Two, we must hold the Securities and Exchange Commission (SEC) and the Department of Agriculture (DA) accountable for their systems and procedures that allowed the Napoles NGOs to conduct business. These NGOs had the proper papers from SEC and accreditation from DA. The congressional hearings have identified these lapses. People must now be held accountable and new systems have to be put in place.
Three, the DBM must also make public all the projects funded through DAP if it is true, as the agency claims, that these accelerated the economy.
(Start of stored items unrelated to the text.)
text \<open>Over a finite alphabet there are only countably many cylinders, so all but countably
  many points of B are condensation points of B.\<close>
lemma countable_non_condensation:
  assumes A: "finite A" and B: "B \<subseteq> {r. \<forall>i. r i \<in> A}"
  shows "countable (B - condensation B)"
proof -
  define piece where "piece N w = B \<inter> {r. \<forall>i<N. r i = w ! i}" for N and w :: "'a list"
  define words where "words N = {w. set w \<subseteq> A \<and> length w = N \<and> countable (piece N w)}" for N
  have "B - condensation B \<subseteq> (\<Union>N. \<Union>w\<in>words N. piece N w)"
  proof
    fix p assume p: "p \<in> B - condensation B"
    then obtain N where N: "countable (B \<inter> cyl N p)"
      unfolding condensation_def by auto
    have "piece N (map p [0..<N]) = B \<inter> cyl N p"
      by (auto simp: piece_def cyl_def)
    moreover have "set (map p [0..<N]) \<subseteq> A"
      using p B by auto
    ultimately have "map p [0..<N] \<in> words N" and "p \<in> piece N (map p [0..<N])"
      using N p by (auto simp: words_def cyl_def)
    then show "p \<in> (\<Union>N. \<Union>w\<in>words N. piece N w)" by blast
  qed
  moreover have "countable (\<Union>N. \<Union>w\<in>words N. piece N w)"
  proof (rule countable_UN[of UNIV], simp)
    fix N
    have "finite {w. set w \<subseteq> A \<and> length w = N}"
      by (rule finite_lists_length_eq[OF A])
    then have "finite (words N)"
      unfolding words_def by (rule rev_finite_subset) auto
    then show "countable (\<Union>w\<in>words N. piece N w)"
      by (rule countable_UN[OF countable_finite]) (simp add: words_def)
  qed
  ultimately show ?thesis
    using countable_subset by blast
qed

lemma uncountable_condensation:
  assumes "finite A" "B \<subseteq> {r. \<forall>i. r i \<in> A}" "uncountable B"
  shows "uncountable (B \<inter> condensation B)"
proof -
  have "B \<inter> condensation B = B - (B - condensation B)" by blast
  then show ?thesis
    using uncountable_minus_countable[OF assms(3) countable_non_condensation[OF assms(1,2)]]
    by simp
qed

lemma finite_eventually_equal:
  fixes L :: nat
  assumes A: "finite A"
  shows "finite {r. (\<forall>i. r i \<in> A) \<and> (\<forall>n\<ge>L. r n = c n)}"
proof -
  let ?S = "{r. (\<forall>i. r i \<in> A) \<and> (\<forall>n\<ge>L. r n = c n)}"
  have "inj_on (\<lambda>r. map r [0..<L]) ?S"
  proof (rule inj_onI)
    fix r s assume r: "r \<in> ?S" and s: "s \<in> ?S" and eq: "map r [0..<L] = map s [0..<L]"
    have "r i = s i" for i
    proof (cases "i < L")
      case True
      then show ?thesis using arg_cong[OF eq, of "\<lambda>w. w ! i"] by simp
    next
      case False
      then show ?thesis using r s by simp
    qed
    then show "r = s" by blast
  qed
  moreover have "(\<lambda>r. map r [0..<L]) ` ?S \<subseteq> {w. set w \<subseteq> A \<and> length w = L}" by auto
  then have "finite ((\<lambda>r. map r [0..<L]) ` ?S)"
    by (rule finite_subset) (rule finite_lists_length_eq[OF A])
  ultimately show ?thesis
    using finite_imageD by blast
qed

text \<open>From finitely many uncountable sets one can choose condensation points that pairwise
  differ somewhere beyond any prescribed position L: each new choice only has to avoid the
  finitely many sequences that agree from L on with the earlier choices.\<close>
lemma choose_separated_condensation_points:
  assumes A: "finite A" and I: "finite I"
    and D: "\<And>i. i \<in> I \<Longrightarrow> D i \<subseteq> {r. \<forall>n. r n \<in> A} \<and> uncountable (D i)"
  shows "\<exists>q. \<forall>i\<in>I. q i \<in> D i \<inter> condensation (D i) \<and>
           (\<forall>j\<in>I. j \<noteq> i \<longrightarrow> (\<exists>n\<ge>L. q i n \<noteq> q j n))"
  using I D
proof (induction I rule: finite_induct)
  case empty
  then show ?case by simp
next
  case (insert a F)
  have D_F: "\<And>i. i \<in> F \<Longrightarrow> D i \<subseteq> {r. \<forall>n. r n \<in> A} \<and> uncountable (D i)"
    by (simp add: insert.prems)
  obtain q where q: "\<forall>i\<in>F. q i \<in> D i \<inter> condensation (D i) \<and>
      (\<forall>j\<in>F. j \<noteq> i \<longrightarrow> (\<exists>n\<ge>L. q i n \<noteq> q j n))"
    using insert.IH[OF D_F] by blast
  have Da: "D a \<subseteq> {r. \<forall>n. r n \<in> A}" "uncountable (D a)"
    by (simp_all add: insert.prems)
  define bad where "bad = (\<Union>j\<in>F. {r. (\<forall>i. r i \<in> A) \<and> (\<forall>n\<ge>L. r n = q j n)})"
  have "finite bad"
    unfolding bad_def by (intro finite_UN_I insert.hyps(1) finite_eventually_equal[OF A])
  then have "uncountable (D a \<inter> condensation (D a) - bad)"
    using uncountable_minus_countable[OF uncountable_condensation[OF A Da]] countable_finite
    by blast
  then have "D a \<inter> condensation (D a) - bad \<noteq> {}" by (metis countable_empty)
  then obtain r where r: "r \<in> D a \<inter> condensation (D a)" "r \<notin> bad" by blast
  have r_sep: "\<exists>n\<ge>L. r n \<noteq> q j n" if "j \<in> F" for j
    using r Da(1) that unfolding bad_def by auto
  have r_sep': "\<exists>n\<ge>L. q j n \<noteq> r n" if "j \<in> F" for j
    using r_sep[OF that] by metis
  have q_upd: "(q(a := r)) i = q i" if "i \<in> F" for i
    using that insert.hyps(2) by auto
  show ?case
  proof (intro exI[of _ "q(a := r)"] ballI conjI allI impI)
    fix i assume i: "i \<in> insert a F"
    show "(q(a := r)) i \<in> D i \<inter> condensation (D i)"
      using i q q_upd r(1) by (cases "i = a") auto
    fix j assume j: "j \<in> insert a F" "j \<noteq> i"
    show "\<exists>n\<ge>L. (q(a := r)) i n \<noteq> (q(a := r)) j n"
    proof (cases "i = a")
      case True
      then show ?thesis using j r_sep q_upd by auto
    next
      case False
      then have "i \<in> F" using i by blast
      show ?thesis
      proof (cases "j = a")
        case True
        then show ?thesis using \<open>i \<in> F\<close> \<open>i \<noteq> a\<close> r_sep' q_upd by auto
      next
        case False
        then have "j \<in> F" using j by blast
        then show ?thesis using \<open>i \<in> F\<close> j(2) q q_upd by auto
      qed
    qed
  qed
qed

lemma finite_common_witness_bound:
  assumes "finite S" and "\<And>x. x \<in> S \<Longrightarrow> \<exists>n::nat. P x n"
  shows "\<exists>M. \<forall>x\<in>S. \<exists>n<M. P x n"
  using assms
proof (induction S rule: finite_induct)
  case empty
  then show ?case by simp
next
  case (insert a F)
  then obtain M where M: "\<forall>x\<in>F. \<exists>n<M. P x n" by blast
  obtain n where "P a n" using insert.prems by blast
  show ?case
  proof (rule exI[of _ "max M (Suc n)"], intro ballI)
    fix x assume "x \<in> insert a F"
    then consider "x = a" | "x \<in> F" by blast
    then show "\<exists>m<max M (Suc n). P x m"
    proof cases
      case 1
      then show ?thesis using \<open>P a n\<close> by (intro exI[of _ n]) auto
    next
      case 2
      then obtain m where "m < M" "P x m" using M by blast
      then show ?thesis by (intro exI[of _ m]) auto
    qed
  qed
qed

lemma choose_boundedly_separated_condensation_points:
  assumes A: "finite A" and I: "finite I"
    and D: "\<And>i. i \<in> I \<Longrightarrow> D i \<subseteq> {r. \<forall>n. r n \<in> A} \<and> uncountable (D i)"
  shows "\<exists>q L'. L < L' \<and> (\<forall>i\<in>I. q i \<in> D i \<inter> condensation (D i) \<and>
           (\<forall>j\<in>I. j \<noteq> i \<longrightarrow> (\<exists>n. L \<le> n \<and> n < L' \<and> q i n \<noteq> q j n)))"
proof -
  obtain q where q: "\<forall>i\<in>I. q i \<in> D i \<inter> condensation (D i) \<and>
      (\<forall>j\<in>I. j \<noteq> i \<longrightarrow> (\<exists>n\<ge>L. q i n \<noteq> q j n))"
    using choose_separated_condensation_points[of A I D L, OF A I D] by blast
  define S where "S = {(i, j). i \<in> I \<and> j \<in> I \<and> j \<noteq> i}"
  have "S \<subseteq> I \<times> I" by (auto simp: S_def)
  then have "finite S" by (rule finite_subset) (simp add: I)
  have witness: "\<exists>n. L \<le> n \<and> q (fst x) n \<noteq> q (snd x) n" if xS: "x \<in> S" for x
  proof -
    obtain i j where x: "x = (i, j)" and "i \<in> I" "j \<in> I" "j \<noteq> i"
      using xS by (auto simp: S_def)
    then have "\<exists>n\<ge>L. q i n \<noteq> q j n" using q by simp
    then show ?thesis using x by auto
  qed
  have "\<exists>M. \<forall>x\<in>S. \<exists>n<M. L \<le> n \<and> q (fst x) n \<noteq> q (snd x) n"
    by (rule finite_common_witness_bound[OF \<open>finite S\<close>]) (rule witness)
  then obtain M where M: "\<forall>x\<in>S. \<exists>n<M. L \<le> n \<and> q (fst x) n \<noteq> q (snd x) n" ..
  show ?thesis
  proof (rule exI[of _ q], rule exI[of _ "max (Suc L) M"], intro conjI ballI allI impI)
    show "L < max (Suc L) M" by simp
    fix i assume i: "i \<in> I"
    show "q i \<in> D i \<inter> condensation (D i)"
      by (rule conjunct1[OF bspec[OF q i]])
    fix j assume "j \<in> I" "j \<noteq> i"
    then have "(i, j) \<in> S" using i by (simp add: S_def)
    then obtain n where "n < M" "L \<le> n" "q i n \<noteq> q j n" using M by auto
    then show "\<exists>n. L \<le> n \<and> n < max (Suc L) M \<and> q i n \<noteq> q j n" by auto
  qed
qed

lemma uncountable_pigeonhole:
  fixes P :: "'b \<Rightarrow> nat \<Rightarrow> bool"
  assumes "uncountable B" and "\<And>q. q \<in> B \<Longrightarrow> \<exists>G. P q G"
  shows "\<exists>G. uncountable {q \<in> B. P q G}"
proof (rule ccontr)
  assume "\<not> ?thesis"
  then have "countable (\<Union>G. {q \<in> B. P q G})" by auto
  moreover have "B \<subseteq> (\<Union>G. {q \<in> B. P q G})" using assms(2) by blast
  ultimately show False
    using assms(1) countable_subset by blast
qed

subsection \<open>One level of the Cantor scheme and its refinement\<close>

definition scheme_level ::
    "(nat \<Rightarrow> 'a) set \<Rightarrow> (nat \<Rightarrow> 'a) \<Rightarrow> nat \<Rightarrow> nat \<Rightarrow> (bool list \<Rightarrow> nat \<Rightarrow> 'a)
       \<Rightarrow> (bool list \<Rightarrow> (nat \<Rightarrow> 'a) set) \<Rightarrow> bool" where
  "scheme_level Y z m L p B \<longleftrightarrow> m \<le> L \<and>
     (\<forall>s. length s = m \<longrightarrow> p s \<in> B s \<and> B s \<subseteq> Y \<and> uncountable (B s) \<and> B s \<subseteq> cyl L (p s) \<and>
        (\<forall>k<m. \<exists>G. \<forall>q\<in>B s. bounded_gaps (agree_set q z k) G))"

definition scheme_step ::
    "nat \<Rightarrow> nat \<Rightarrow> (bool list \<Rightarrow> (nat \<Rightarrow> 'a) set) \<Rightarrow> nat \<Rightarrow> (bool list \<Rightarrow> nat \<Rightarrow> 'a)
       \<Rightarrow> (bool list \<Rightarrow> (nat \<Rightarrow> 'a) set) \<Rightarrow> bool" where
  "scheme_step m L B L' p' B' \<longleftrightarrow> L < L' \<and>
     (\<forall>s b. length s = m \<longrightarrow> B' (s @ [b]) \<subseteq> B s) \<and>
     (\<forall>s t. length s = Suc m \<longrightarrow> length t = Suc m \<longrightarrow> s \<noteq> t \<longrightarrow>
        (\<exists>i. L \<le> i \<and> i < L' \<and> p' s i \<noteq> p' t i))"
I know a lot of projects funded through DAP that were beneficial, implemented well, and were not accompanied by corruption allegation. But I do not know whether this is the same situation across agencies and regions. The piece-meal and “by installment” approach of showing beneficial projects funded from DAP does not allow for full public debate and the negative public perception on the DAP will continue.
Finally, we need serious budget reform in this country. The line item veto power of the President and the mechanism for automatic appropriations must be abolished because these unduly tilts the balance of power towards the executive branch, creates an imperial presidency, and creates fiscal irresponsibility among legislative and executive officials."